XML,JSON,YAML,各有优缺点。

2.2 [重要]基于bs4库的HTML内容查找方法

<>.find_all(name,attrs,recursive,string,**kwargs)
  1. 返回一个列表类型,存储查找的结果。
  2. name:对标签名称的检索字符串。
  3. attrs:对标签属性值得检索字符串,可标注属性检索
  4. recursive:是否对子孙全部检索,默认True
  5. string:<>…</>中字符串区域的检索字符串
print("1:",soup.find_all('a'))
print("2:",soup.find_all(['a','b']))

结果:

1: [<a class="py1" href="http://www.icourse163.org/course/BIT-268001" id="link1">Basic Python</a>, <a class="py2" href="http://www.icourse163.org/course/BIT-1001870001" id="link2">Advanced Python</a>]
2: [<b>The demo python introduces several python courses.</b>, <a class="py1" href="http://www.icourse163.org/course/BIT-268001" id="link1">Basic Python</a>, <a class="py2" href="http://www.icourse163.org/course/BIT-1001870001" id="link2">Advanced Python</a>]

可以通过soup.find_all(True)检索所有标签。

  • 使用正则表达式:
import re

for tag in soup.find_all(re.compile("b")):
    print(tag.name)

检索所有以b开头的tag 名:

body
b
  • P标签中,属性中带有course字符的标签
soup.find_all("p","course")
[<p class="course">Python is a wonderful general-purpose programming language.
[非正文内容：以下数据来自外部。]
lemma ex_le_of_sum_le:
  fixes X :: "'i \<Rightarrow> ennreal"
  assumes "finite I" and "I \<noteq> {}" and sum_le: "(\<Sum>i\<in>I. X i) \<le> of_nat (card I) * c"
  shows "\<exists>i\<in>I. X i \<le> c"
proof -
  obtain i where i: "i \<in> I" and min: "\<And>j. j \<in> I \<Longrightarrow> X i \<le> X j"
  proof -
    have "Min (X ` I) \<in> X ` I"
      using assms(1,2) by simp
    then obtain i where "i \<in> I" and "X i = Min (X ` I)"
      by auto
    moreover have "Min (X ` I) \<le> X j" if "j \<in> I" for j
      using assms(1) that by simp
    ultimately show thesis
      using that by metis
  qed
  have "of_nat (card I) * X i = (\<Sum>j\<in>I. X i)"
    by simp
  also have "\<dots> \<le> (\<Sum>j\<in>I. X j)"
    using min by (intro sum_mono)
  finally have "of_nat (card I) * X i \<le> of_nat (card I) * c"
    using sum_le by (rule order_trans)
  then have "X i \<le> c"
    using assms(1,2) by (subst (asm) ennreal_mult_le_mult_iff) auto
  then show ?thesis
    using i by blast
qed

lemma ex_slice_nn_integral_le:
  assumes "prob_space P" and "finite J" and "u \<notin> J"
    and [measurable]: "H \<in> borel_measurable (PiM (insert u J) (\<lambda>_. P))"
    and le: "(\<integral>\<^sup>+m. H m \<partial>PiM (insert u J) (\<lambda>_. P)) \<le> c"
  shows "\<exists>m. (\<integral>\<^sup>+y. H (m(u := y)) \<partial>P) \<le> c"
proof -
  interpret P: prob_space P
    by (rule assms(1))
  interpret product_sigma_finite "\<lambda>_. P"
    unfolding product_sigma_finite_def by (simp add: P.sigma_finite_measure_axioms)
  interpret slices: prob_space "PiM J (\<lambda>_. P)"
    by (intro prob_space_PiM assms(1))
  have "(\<integral>\<^sup>+m. H m \<partial>PiM (insert u J) (\<lambda>_. P))
      = (\<integral>\<^sup>+m. (\<integral>\<^sup>+y. H (m(u := y)) \<partial>P) \<partial>PiM J (\<lambda>_. P))"
    by (rule product_nn_integral_insert[OF assms(2-4)])
  with le have "(\<integral>\<^sup>+m. (\<integral>\<^sup>+y. H (m(u := y)) \<partial>P) \<partial>PiM J (\<lambda>_. P)) \<le> c"
    by simp
  moreover have "(\<lambda>m. \<integral>\<^sup>+y. H (m(u := y)) \<partial>P) \<in> borel_measurable (PiM J (\<lambda>_. P))"
    using measurable_compose[OF measurable_add_dim assms(4)]
    by (intro P.borel_measurable_nn_integral) (simp add: case_prod_beta')
  ultimately show ?thesis
    using slices.ex_le_of_nn_integral_le by blast
qed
You can learn Python from novice to professional by tracking the following courses:
 <a class="py1" href="http://www.icourse163.org/course/BIT-268001" id="link1">Basic Python</a> and <a class="py2" href="http://www.icourse163.org/course/BIT-1001870001" id="link2">Advanced Python</a>.</p>]
  • 使用id进行查找:
import re
print("1:",soup.find_all(id='link1'))
print("2:",soup.find_all(id='link2'))
print("\n")
print("3:",soup.find_all(id=re.compile("link")))

输出如下:

1: [<a class="py1" href="http://www.icourse163.org/course/BIT-268001" id="link1">Basic Python</a>]
2: [<a class="py2" href="http://www.icourse163.org/course/BIT-1001870001" id="link2">Advanced Python</a>]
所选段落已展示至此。